BACKGROUND: Recently, a shuttle-based offline magnetic resonance-guided radiotherapy (MRgRT) approach was proposed. This study aims to evaluate the positional reproducibility in the immobilized head and neck using a 1.5-T MR-simulator (MR-sim) on healthy volunteers. METHODS: A total of 159 scans of 14 healthy volunteers were conducted on a 1.5-T MR-sim with thermoplastic mask immobilization. MR images with isotropic 1.053 mm3 voxel size were rigidly registered to the first scan based on fiducial, anatomical and gross positions. Mean and standard deviation of positional displacements in translation and rotation were assessed. Systematic error and random errors of positioning in the head and neck on the MR-sim were determined in the translation of, and in the rotation of roll, pitch and yaw. RESULTS: The systematic error (Σ) of translation in left-right (LR), anterior-posterior (AP) and superior-inferior (SI) direction was 0.57, 0.22 and 0.26 mm for fiducial displacement, 0.28, 0.10 and 0.52 mm for anatomical displacement, and 0.53, 0.22 and 0.49 mm for gross displacement, respectively.
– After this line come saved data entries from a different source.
lemma partly_smooth_normals_not_separating:
  fixes f :: "'a::euclidean_space \<Rightarrow> ereal"
  assumes "C1_submanifold M" "partly_smooth_at f M xb" "0 \<in> rel_interior (subdiff f xb)"
    and "\<And>r. Z r \<in> M" "Z \<longlonglongrightarrow> xb"
    and "\<And>r. norm (E r) = 1" "\<forall>\<^sub>F r in sequentially. E r \<in> normal_space M (Z r)"
    and "c \<longlonglongrightarrow> 0" and separating: "\<forall>\<^sub>F r in sequentially. \<forall>w \<in> subdiff f (Z r). w \<bullet> E r \<le> c r"
  shows False
proof -
  note ps = partly_smooth_atD[OF assms(2)]
  have "\<forall>r. E r \<in> sphere 0 1" using assms(6) by simp
  then obtain e \<sigma> where "e \<in> sphere 0 1" "strict_mono \<sigma>" "(E \<circ> \<sigma>) \<longlonglongrightarrow> e"
    by (rule seq_compactE[OF compact_imp_seq_compact[OF compact_sphere]])
  have "(Z \<circ> \<sigma>) \<longlonglongrightarrow> xb" using assms(5) \<open>strict_mono \<sigma>\<close> by (rule LIMSEQ_subseq_LIMSEQ)
  have "e \<in> normal_space M xb"
    using normal_space_limit[OF assms(1) ps(1) _ \<open>(Z \<circ> \<sigma>) \<longlonglongrightarrow> xb\<close> \<open>(E \<circ> \<sigma>) \<longlonglongrightarrow> e\<close>]
      eventually_subseq[OF \<open>strict_mono \<sigma>\<close> assms(7)] assms(4) by simp
  then obtain w where "w \<in> subdiff f xb" "w \<bullet> e > 0"
    using rel_interior_zero_inner_pos[OF assms(3)] ps(4) \<open>e \<in> sphere 0 1\<close> by force
  then obtain W where W: "\<forall>\<^sub>F r in sequentially. W r \<in> subdiff f (Z (\<sigma> r))" and "W \<longlonglongrightarrow> w"
    using ps(5)[of w "Z \<circ> \<sigma>"] assms(4) \<open>(Z \<circ> \<sigma>) \<longlonglongrightarrow> xb\<close> by auto
  from W eventually_subseq[OF \<open>strict_mono \<sigma>\<close> separating]
  have "\<forall>\<^sub>F r in sequentially. W r \<bullet> (E \<circ> \<sigma>) r \<le> (c \<circ> \<sigma>) r"
    by eventually_elim auto
  moreover have "(\<lambda>r. W r \<bullet> (E \<circ> \<sigma>) r) \<longlonglongrightarrow> w \<bullet> e"
    using \<open>W \<longlonglongrightarrow> w\<close> \<open>(E \<circ> \<sigma>) \<longlonglongrightarrow> e\<close> by (rule tendsto_inner)
  moreover have "(c \<circ> \<sigma>) \<longlonglongrightarrow> 0" using assms(8) \<open>strict_mono \<sigma>\<close> by (rule LIMSEQ_subseq_LIMSEQ)
  ultimately have "w \<bullet> e \<le> 0" by (intro tendsto_le[OF trivial_limit_sequentially]) 
  with \<open>w \<bullet> e > 0\<close> show False by simp
qed

lemma local_C1_extension_recenter:
  "local_C1_extension f M x U ft G \<Longrightarrow> z \<in> U \<Longrightarrow> local_C1_extension f M z U ft G"
  by (simp add: local_C1_extension_def)

lemma local_C1_extensionD:
  assumes "local_C1_extension f M z U ft G"
  shows "open U" "z \<in> U" "(ft has_derivative (\<lambda>h. G z \<bullet> h)) (at z)"
    "\<And>m. m \<in> M \<inter> U \<Longrightarrow> f m = ereal (ft m)"
  using assms unfolding local_C1_extension_def C1_on_with_grad_def by auto

lemma local_C1_extension_grad_diff_normal:
  fixes f :: "'a::euclidean_space \<Rightarrow> ereal"
  assumes "local_C1_extension f M z U ft G" "local_C1_extension f M z U' ft' G'" "z \<in> M"
  shows "G' z - G z \<in> normal_space M z"
  unfolding normal_space_def
proof (intro CollectI ballI)
  note ext = local_C1_extensionD[OF assms(1)] and ext' = local_C1_extensionD[OF assms(2)]
  fix v assume v: "v \<in> tangent_space M z"
  have "ft' m - ft m = 0" if "m \<in> M \<inter> (U' \<inter> U)" for m
    using ext(4)[of m] ext'(4)[of m] that by simp
  then have "G' z \<bullet> v - G z \<bullet> v = 0"
    using assms(3) ext ext' has_derivative_diff[OF ext'(3) ext(3)]
    by (intro has_derivative_local_min_on_tangent[OF v, of "U' \<inter> U" "\<lambda>w. ft' w - ft w"]) auto
  then show "(G' z - G z) \<bullet> v = 0" by (simp add: inner_diff_left)
qed

lemma subdiff_minus_grad_normal:
  fixes f :: "'a::euclidean_space \<Rightarrow> ereal"
  assumes "convex_fun f" "\<And>x. f x \<noteq> -\<infinity>" "local_C1_extension f M z U ft G" "z \<in> M"
    and "y \<in> subdiff f z"
  shows "y - G z \<in> normal_space M z"
  unfolding normal_space_def
proof (intro CollectI ballI)
  fix v assume v: "v \<in> tangent_space M z"
  note U = local_C1_extensionD(1,2)[OF assms(3)]
    and ft = local_C1_extensionD(3)[OF assms(3)] and f_ft = local_C1_extensionD(4)[OF assms(3)]
  have "ft z - y \<bullet> (z - z) \<le> ft m - y \<bullet> (m - z)" if "m \<in> M \<inter> U" for m
  proof -
    have "f z + ereal (y \<bullet> (m - z)) \<le> f m"
      using assms(5) unfolding subdiff_eq_convex_subdiff[OF assms(1,2)] convex_subdiff_def by blast
    then show ?thesis using f_ft[OF that] f_ft[of z] assms(4) U by simp
  qed
  moreover have "((\<lambda>w. ft w - y \<bullet> (w - z)) has_derivative (\<lambda>h. G z \<bullet> h - y \<bullet> h)) (at z)"
    using ft by (auto intro!: derivative_eq_intros)
  ultimately have "G z \<bullet> v - y \<bullet> v = 0"
    by (rule has_derivative_local_min_on_tangent[OF v U, rotated])
  then show "(y - G z) \<bullet> v = 0" by (simp add: inner_diff_left)
qed

lemma riem_grad_eq_closest_point:
  fixes f :: "'a::euclidean_space \<Rightarrow> ereal"
  assumes "C1_submanifold M" "z \<in> M" "local_C1_extension f M z U ft G"
  shows "riem_grad f M z = closest_point (tangent_space M z) (G z)"
  unfolding riem_grad_def
proof (rule some_equality)
  show "\<exists>U' ft' G'. local_C1_extension f M z U' ft' G' \<and>
      closest_point (tangent_space M z) (G z) = closest_point (tangent_space M z) (G' z)"
    using assms(3) by blast
  have T: "subspace (tangent_space M z)" using assms(1,2) by (rule C1_submanifold_subspace_tangent_space)
  fix g assume "\<exists>U' ft' G'. local_C1_extension f M z U' ft' G' \<and> g = closest_point (tangent_space M z) (G' z)"
  then obtain U' ft' G' where ext': "local_C1_extension f M z U' ft' G'"
    and g: "g = closest_point (tangent_space M z) (G' z)"
    by blast
  have "(G' z - G z) + (G z - closest_point (tangent_space M z) (G z)) \<in> (tangent_space M z)\<^sup>\<bottom>"
    using local_C1_extension_grad_diff_normal[OF assms(3) ext' assms(2)] closest_point_subspace(2)[OF T]
    unfolding normal_space_eq_orthogonal_comp by (rule subspace_add[OF subspace_orthogonal_comp])
  then show "g = closest_point (tangent_space M z) (G z)"
    unfolding g by (intro closest_point_subspace_unique[OF T closest_point_subspace(1)[OF T]]) simp
qed
(* Let $p\in(1,2)$. For $\gamma>0$ let $r_\gamma>0$ satisfy $r_\gamma=o(e^{-\gamma^p})$ and $\ln(r_\gamma e^{\gamma^p})=o(\gamma^p)$ as $\gamma\to\infty$, and let $\varphi_\gamma(x)=\left(\frac2p\right)^{1/p}\gamma\left(1-\frac1{\gamma^p}\ln\left(1+\frac{|x|^2}{r_\gamma^2}\right)\right)_+$ on $\mathbb R^2$. For $t\in[0,1]$ let $\tau(t,\gamma)\in[0,(2/p)^{1/p}\gamma]$ be defined by $$\frac{\int_{\mathbb R^2}\left(e^{(\varphi_\gamma-\tau)_+^p}-1\right)dx}{\int_{\mathbb R^2}\left(e^{\varphi_\gamma^p}-1\right)dx}=t.$$ Then for any fixed $\bar t\in(0,1]$, $\tau(t,\gamma)\to0$ as $\gamma\to\infty$, uniformly for $t\in[\bar t,1]$.
   Context: $(s)_+=\max\{s,0\}$. The left-hand side of the defining relation is a continuous strictly decreasing function of $\tau\in[0,(2/p)^{1/p}\gamma]$ from $1$ to $0$, so $\tau(t,\gamma)$ is well defined (with $\tau(0,\gamma)=(2/p)^{1/p}\gamma$, $\tau(1,\gamma)=0$). *)

theory Defs
  imports "HOL-Analysis.Analysis" "HOL-Library.Landau_Symbols"
begin

definition phi :: "real \<Rightarrow> (real \<Rightarrow> real) \<Rightarrow> real \<Rightarrow> real^2 \<Rightarrow> real" where
  "phi p r \<gamma> x = (2 / p) powr (1 / p) * \<gamma> *
     max 0 (1 - ln (1 + (norm x)\<^sup>2 / (r \<gamma>)\<^sup>2) / \<gamma> powr p)"

definition ratio :: "real \<Rightarrow> (real \<Rightarrow> real) \<Rightarrow> real \<Rightarrow> real \<Rightarrow> real" where
  "ratio p r \<gamma> \<tau> =
     (LINT x|lborel. exp ((max 0 (phi p r \<gamma> x - \<tau>)) powr p) - 1) /
     (LINT x|lborel. exp ((phi p r \<gamma> x) powr p) - 1)"

definition tau :: "real \<Rightarrow> (real \<Rightarrow> real) \<Rightarrow> real \<Rightarrow> real \<Rightarrow> real" where
  "tau p r t \<gamma> = (THE \<tau>. \<tau> \<in> {0 .. (2 / p) powr (1 / p) * \<gamma>} \<and> ratio p r \<gamma> \<tau> = t)"

end

theory Submission
  imports Defs
begin

text \<open>
  Let N(\<tau>) be the numerator of the ratio. Since \<phi> is continuous with its maximum \<phi>(0) at
  the origin, N is continuous and strictly decreasing on [0, \<phi>(0)] and vanishes at \<phi>(0). So
  tau t \<gamma> is the unique root of N(\<tau>) = t N(0), and tau t \<gamma> < e as soon as N(e) < tbar N(0).

  Where \<phi> \<ge> M, convexity gives (\<phi> - e)^p \<le> \<phi>^p - e (M - e)^(p-1), so there the integrand
  of N(e) is a small multiple of that of N(0) once M is large. Where \<phi> < M it is at most
  exp(M^p) on the support of \<phi>, a disc of area pi r^2 (exp(\<gamma>^p) - 1). On a smaller disc
  \<phi> stays close to \<phi>(0), and since \<phi>(0)^p = (2/p) \<gamma>^p with p < 2 this yields
  N(0) \<ge> pi r^2 (exp(\<gamma>^p) - 1) (exp((2 - p)/4 \<gamma>^p) - 1), which swamps that error term.

  All these bounds scale like r^2.
\<close>

lemma powr_sub_le:
  fixes y e M p :: real
  assumes "1 < p" "0 < e" "e < M" "M \<le> y"
  shows "(y - e) powr p \<le> y powr p - e * (M - e) powr (p - 1)"
proof -
  have split: "z powr p = z * z powr (p - 1)" if "0 < z" for z :: real
    using that powr_add[of z 1 "p - 1"] by simp
  have "e * (M - e) powr (p - 1) \<le> e * (y - e) powr (p - 1)"
    using assms by (intro mult_left_mono powr_mono2) auto
  also have "\<dots> = y * (y - e) powr (p - 1) - (y - e) * (y - e) powr (p - 1)"
    by (simp add: algebra_simps)
  also have "\<dots> \<le> y * y powr (p - 1) - (y - e) * (y - e) powr (p - 1)"
    using assms by (simp add: mult_left_mono powr_mono2)
  also have "\<dots> = y powr p - (y - e) powr p"
    using assms split[of y] split[of "y - e"] by simp
  finally show ?thesis by simp
qed
lemma inconsistent: False
proof -
  define n where "n = 2 * N + 1"
  have n: "n \<ge> 1" by (simp add: n_def)
  obtain w1 v1 where 1: "w1 \<in> L1" "v1 \<in> L2" "length w1 = length v1"
      "rev (ups w1 v1) @ downs w1 v1 = word_abc n"
    by (rule L_ex_obtain_fold[OF word_abc_in_L_ex[OF n]])
  obtain w2 v2 where 2: "w2 \<in> L1" "v2 \<in> L2" "length w2 = length v2"
      "rev (ups w2 v2) @ downs w2 v2 = word_def n"
    by (rule L_ex_obtain_fold[OF word_def_in_L_ex[OF n]])
  have wv: "length w2 = length v1"
    using length_fold[OF 1(3)] length_fold[OF 2(3)] 1(3) 1(4) 2(4)
    by (simp add: length_word_abc length_word_def)
  have "mset (rev (ups w2 v1) @ downs w2 v1) = mset (word_def n)"
    using mset_fold[OF wv] mset_fold[OF 2(3)] 2(4) by simp
  then have "rev (ups w2 v1) @ downs w2 v1 = word_def n"
    by (rule inj_onD[OF inj_on_mset_L_ex _ fold_in_L_ex[OF 2(1) 1(2) wv] word_def_in_L_ex[OF n]])
  then have "2 * n < length (ups w2 v1) + N"
    using ups_bound_word_def[OF 2(1) 1(2) wv] by simp
  moreover have "length (ups w1 v1) < n + 1 + N"
    using ups_bounds_word_abc(2)[OF 1] .
  moreover have "length (ups w1 v1) = length (ups w2 v1)"
    using length_ups[OF 1(3)] length_ups[OF wv] by simp
  ultimately show False by (simp add: n_def)
qed

end
lemma shift_recurrence_expansion:
  fixes X :: "nat \<Rightarrow> 'b \<Rightarrow> 'a::comm_semiring_1"
  assumes rec: "\<And>j s. X (Suc j) s = \<alpha> j * X j (\<sigma> s) + \<beta> j * X j s"
  shows "X j s = (\<Sum>a\<le>j. shift_coeff \<alpha> \<beta> j a * X 0 ((\<sigma> ^^ a) s))"
proof (induction j arbitrary: s)
  case 0
  show ?case by simp
next
  case (Suc j)
  have shifted: "(\<Sum>a\<le>Suc j. (if a = 0 then 0 else shift_coeff \<alpha> \<beta> j (a - 1)) * X 0 ((\<sigma> ^^ a) s))
      = (\<Sum>a\<le>j. shift_coeff \<alpha> \<beta> j a * X 0 ((\<sigma> ^^ a) (\<sigma> s)))"
    by (subst sum.atMost_Suc_shift) (simp add: funpow_swap1)
  have unshifted: "(\<Sum>a\<le>Suc j. shift_coeff \<alpha> \<beta> j a * X 0 ((\<sigma> ^^ a) s))
      = (\<Sum>a\<le>j. shift_coeff \<alpha> \<beta> j a * X 0 ((\<sigma> ^^ a) s))"
    by (simp add: shift_coeff_eq_0)
  have "(\<Sum>a\<le>Suc j. shift_coeff \<alpha> \<beta> (Suc j) a * X 0 ((\<sigma> ^^ a) s))
     = \<alpha> j * (\<Sum>a\<le>Suc j. (if a = 0 then 0 else shift_coeff \<alpha> \<beta> j (a - 1)) * X 0 ((\<sigma> ^^ a) s))
       + \<beta> j * (\<Sum>a\<le>Suc j. shift_coeff \<alpha> \<beta> j a * X 0 ((\<sigma> ^^ a) s))"
    by (simp add: sum_distrib_left sum.distrib algebra_simps)
  also have "\<dots> = X (Suc j) s"
    using shifted unshifted Suc rec by simp
  finally show ?case by simp
qed

lemma prod_triangle_eq_prod_power:
  "(\<Prod>j<N. \<Prod>k<j. f k) = (\<Prod>k=1..N-1. (f (k - 1) :: 'a::comm_monoid_mult) ^ (N - k))"
proof (cases N)
  case 0
  then show ?thesis by simp
next
  case (Suc M)
  have "(\<Prod>j<N. \<Prod>k<j. f k) = (\<Prod>k<M. \<Prod>i\<in>{Suc k..M}. f k)"
    using Suc by (simp add: lessThan_Suc_atMost prod.nested_swap')
  also have "\<dots> = (\<Prod>k<M. f k ^ (M - k))"
    by simp
  also have "\<dots> = (\<Prod>k\<in>{Suc 0..<Suc M}. f (k - 1) ^ (Suc M - k))"
    by (simp only: prod.shift_bounds_Suc_ivl) (simp add: atLeast0LessThan)
  also have "{Suc 0..<Suc M} = {1..N-1}"
    using Suc by auto
  finally show ?thesis
    using Suc by simp
qed

lemma prod_triangle_neg_one: "(\<Prod>j<N. \<Prod>k<j. -1 :: 'a::comm_ring_1) = (-1) ^ (N * (N - 1) div 2)"
proof -
  have "2 * (\<Sum>j<N. j) = N * (N - 1)"
    by (induction N) (auto simp: algebra_simps)
  then have "(\<Sum>j<N. j) = N * (N - 1) div 2"
    by linarith
  moreover have "(\<Prod>j<N. (-1 :: 'a) ^ j) = (-1) ^ (\<Sum>j<N. j)"
    by (rule power_sum[symmetric])
  ultimately show ?thesis
    by simp
qed
lemma word_cut_prod_insert_Min:
  assumes "finite d" "\<forall>i\<in>d. 0 < i"
  shows "word_cut_prod w (insert k ((+) k ` d)) = m (ebas (take k w)) (word_cut_prod (drop k w) d)"
proof -
  have "sorted_list_of_set (insert k ((+) k ` d)) = k # sorted_list_of_set ((+) k ` d)"
    using assms by (intro sorted_list_of_set_insert_less) auto
  also have "sorted_list_of_set ((+) k ` d) = map ((+) k) (sorted_list_of_set d)"
    using assms by (intro sorted_list_of_set_image_strict_mono) (auto simp: strict_mono_def)
  finally show ?thesis
    unfolding word_cut_prod_def by (simp add: mprod_Cons blocks_ne_Nil comp_def)
qed

lemma word_cut_sum_mult_left:
  "y \<in> TV \<Longrightarrow> m (word_cut_sum v) y
     = (\<Sum>c\<in>Pow {1..<length v}. smul ((-1) ^ card c) (m (word_cut_prod v c) y))"
  unfolding word_cut_sum_def
  by (rule is_linear_T_signed_sum[OF linear_left]) (simp_all add: word_cut_prod_TV)

lemma word_cut_sum_mult_right:
  "x \<in> TV \<Longrightarrow> m x (word_cut_sum v)
     = (\<Sum>c\<in>Pow {1..<length v}. smul ((-1) ^ card c) (m x (word_cut_prod v c)))"
  unfolding word_cut_sum_def
  by (rule is_linear_T_signed_sum[OF linear_right]) (simp_all add: word_cut_prod_TV)

lemma word_cut_sum_last_cut:
  assumes "w \<noteq> []"
  shows "word_cut_sum w = ebas w - (\<Sum>k\<in>{1..<length w}. m (word_cut_sum (take k w)) (ebas (drop k w)))"
proof -
  let ?g = "\<lambda>c. smul ((-1) ^ card c) (word_cut_prod w c)"
  have last_cut_at:
    "(\<Sum>c\<in>Pow {1..<k}. ?g (insert k c)) = - m (word_cut_sum (take k w)) (ebas (drop k w))"
    if "k \<in> {1..<length w}" for k
  proof -
    have "?g (insert k c) = - smul ((-1) ^ card c) (m (word_cut_prod (take k w) c) (ebas (drop k w)))"
      if "c \<in> Pow {1..<k}" for c
    proof -
      have "finite c" "k \<notin> c" "\<forall>i\<in>c. i < k"
        using that finite_subset[OF _ finite_atLeastLessThan] by auto
      then show ?thesis
        by (simp add: word_cut_prod_insert_Max smul_minus_left)
    qed
    then show ?thesis
      using that by (simp add: word_cut_sum_mult_left ebas_TV sum_negf min_def)
  qed
  have "word_cut_sum w = ?g {} + (\<Sum>k\<in>{1..<length w}. \<Sum>c\<in>Pow {1..<k}. ?g (insert k c))"
    unfolding word_cut_sum_def by (rule sum_Pow_atLeastLessThan_by_Max)
  also have "\<dots> = ebas w + (\<Sum>k\<in>{1..<length w}. - m (word_cut_sum (take k w)) (ebas (drop k w)))"
    using last_cut_at by (simp add: word_cut_prod_empty)
  finally show ?thesis
    by (simp add: sum_negf)
qed

lemma word_cut_sum_first_cut:
  assumes "w \<noteq> []"
  shows "word_cut_sum w = ebas w - (\<Sum>k\<in>{1..<length w}. m (ebas (take k w)) (word_cut_sum (drop k w)))"
proof -
  let ?g = "\<lambda>c. smul ((-1) ^ card c) (word_cut_prod w c)"
  have first_cut_at:
    "(\<Sum>c\<in>Pow {Suc k..<length w}. ?g (insert k c)) = - m (ebas (take k w)) (word_cut_sum (drop k w))"
    if "k \<in> {1..<length w}" for k
  proof -
    have "?g (insert k ((+) k ` d))
        = - smul ((-1) ^ card d) (m (ebas (take k w)) (word_cut_prod (drop k w) d))"
      if "d \<in> Pow {1..<length w - k}" for d
    proof -
      have "finite d" "\<forall>i\<in>d. 0 < i"
        using that finite_subset[OF _ finite_atLeastLessThan] by auto
      moreover have "card ((+) k ` d) = card d" "k \<notin> (+) k ` d"
        using \<open>\<forall>i\<in>d. 0 < i\<close> by (auto simp: card_image)
      ultimately show ?thesis
        by (simp add: word_cut_prod_insert_Min smul_minus_left)
    qed
    moreover have "(\<Sum>c\<in>Pow {Suc k..<length w}. ?g (insert k c))
        = (\<Sum>d\<in>Pow {1..<length w - k}. ?g (insert k ((+) k ` d)))"
      using that by (intro sum_Pow_atLeastLessThan_shift) simp
    ultimately show ?thesis
      by (simp add: word_cut_sum_mult_right ebas_TV sum_negf)
  qed
  have "word_cut_sum w
      = ?g {} + (\<Sum>k\<in>{1..<length w}. \<Sum>c\<in>Pow {Suc k..<length w}. ?g (insert k c))"
    unfolding word_cut_sum_def by (rule sum_Pow_atLeastLessThan_by_Min)
  also have "\<dots> = ebas w + (\<Sum>k\<in>{1..<length w}. - m (ebas (take k w)) (word_cut_sum (drop k w)))"
    using first_cut_at by (simp add: word_cut_prod_empty)
  finally show ?thesis
    by (simp add: sum_negf)
qed

end

locale cut_sum_map = TV_algebra m
  for m :: "('b list \<Rightarrow> 'k::field) \<Rightarrow> ('b list \<Rightarrow> 'k) \<Rightarrow> ('b list \<Rightarrow> 'k)" +
  fixes S :: "('b list \<Rightarrow> 'k) \<Rightarrow> ('b list \<Rightarrow> 'k)"
  assumes S_linear: "is_linear_T S"
    and S_one: "S oneT = oneT"
    and S_word: "w \<noteq> [] \<Longrightarrow> S (ebas w) = - word_cut_sum w"
begin

lemma S_TV: "x \<in> TV \<Longrightarrow> S x \<in> TV"
  using S_linear by (simp add: is_linear_T_def)

lemma convolution_S_id_word:
  "(\<Sum>k\<le>length w. m (S (ebas (take k w))) (ebas (drop k w))) = (if w = [] then oneT else 0)"
proof (cases "w = []")
  case False
  then have "(\<Sum>k\<le>length w. m (S (ebas (take k w))) (ebas (drop k w)))
      = ebas w - (\<Sum>k\<in>{1..<length w}. m (word_cut_sum (take k w)) (ebas (drop k w))) - word_cut_sum w"
    by (simp add: sum_atMost_split_ends S_one S_word mult_uminus_left sum_negf ebas_TV word_cut_sum_TV
        one_left one_right S_TV oneT_TV flip: oneT_eq_ebas_Nil)
  with False show ?thesis
    by (simp add: word_cut_sum_last_cut)
qed (simp add: S_one one_left oneT_TV flip: oneT_eq_ebas_Nil)

lemma convolution_id_S_word:
  "(\<Sum>k\<le>length w. m (ebas (take k w)) (S (ebas (drop k w)))) = (if w = [] then oneT else 0)"
proof (cases "w = []")
  case False
  then have "(\<Sum>k\<le>length w. m (ebas (take k w)) (S (ebas (drop k w))))
      = ebas w - (\<Sum>k\<in>{1..<length w}. m (ebas (take k w)) (word_cut_sum (drop k w))) - word_cut_sum w"
    by (simp add: sum_atMost_split_ends S_one S_word mult_uminus_right sum_negf ebas_TV word_cut_sum_TV
        one_left one_right S_TV oneT_TV flip: oneT_eq_ebas_Nil)
  with False show ?thesis
    by (simp add: word_cut_sum_first_cut)
qed (simp add: S_one one_left oneT_TV flip: oneT_eq_ebas_Nil)

theorem antipode: "is_antipode m oneT S"
  unfolding is_antipode_def conv_S_id_def conv_id_S_def
  by (simp add: S_linear Delta_convolution_eq_counit convolution_S_id_word convolution_id_S_word)

end

theorem mainTheorem16:
  fixes m :: "('b list \<Rightarrow> 'k::field) \<Rightarrow> ('b list \<Rightarrow> 'k) \<Rightarrow> ('b list \<Rightarrow> 'k)"
    and u :: "'b list \<Rightarrow> 'k"
    and S :: "('b list \<Rightarrow> 'k) \<Rightarrow> ('b list \<Rightarrow> 'k)"
  assumes bialg: "is_bialgebra m u"
    and S_lin: "is_linear_T S"
    and S_one: "S oneT = oneT"
    and S_tens: "\<And>ps. ps \<noteq> [] \<Longrightarrow> set ps \<subseteq> Vsp \<Longrightarrow>
        S (tens ps) = - (\<Sum>c\<in>Pow {1..<length ps}. smul ((-1) ^ card c) (cutprod m ps c))"
  shows "is_antipode m u S"
proof -
  interpret TV_algebra m
    using bialg by (rule bialgebra_imp_TV_algebra)
  have "S (ebas w) = - word_cut_sum w" if "w \<noteq> []" for w
  proof -
    have "set (map vbas w) \<subseteq> Vsp"
      using vbas_Vsp by auto
    with that show ?thesis
      using S_tens[of "map vbas w"] by (simp add: tens_map_vbas cutprod_map_vbas word_cut_sum_def)
  qed
  then interpret cut_sum_map m S
    using S_lin S_one by unfold_locales
  show ?thesis
    using antipode bialgebra_unit_eq_oneT[OF bialg] by simp
qed

end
The random error (σ) in corresponding translation direction was 2.07, 0.54 and 1.32 mm for fiducial displacement, 1.34, 0.73 and 2.04 mm for anatomical displacement, and 2.24, 0.86 and 2.61 mm for gross displacement. The systematic error and random error of rotation were generally smaller than 1°. CONCLUSIONS: Our results suggested that high gross positional reproducibility (<1 mm translational and <1° rotational systematic error) could be achieved on an MR-sim for the proposed offline MRgRT.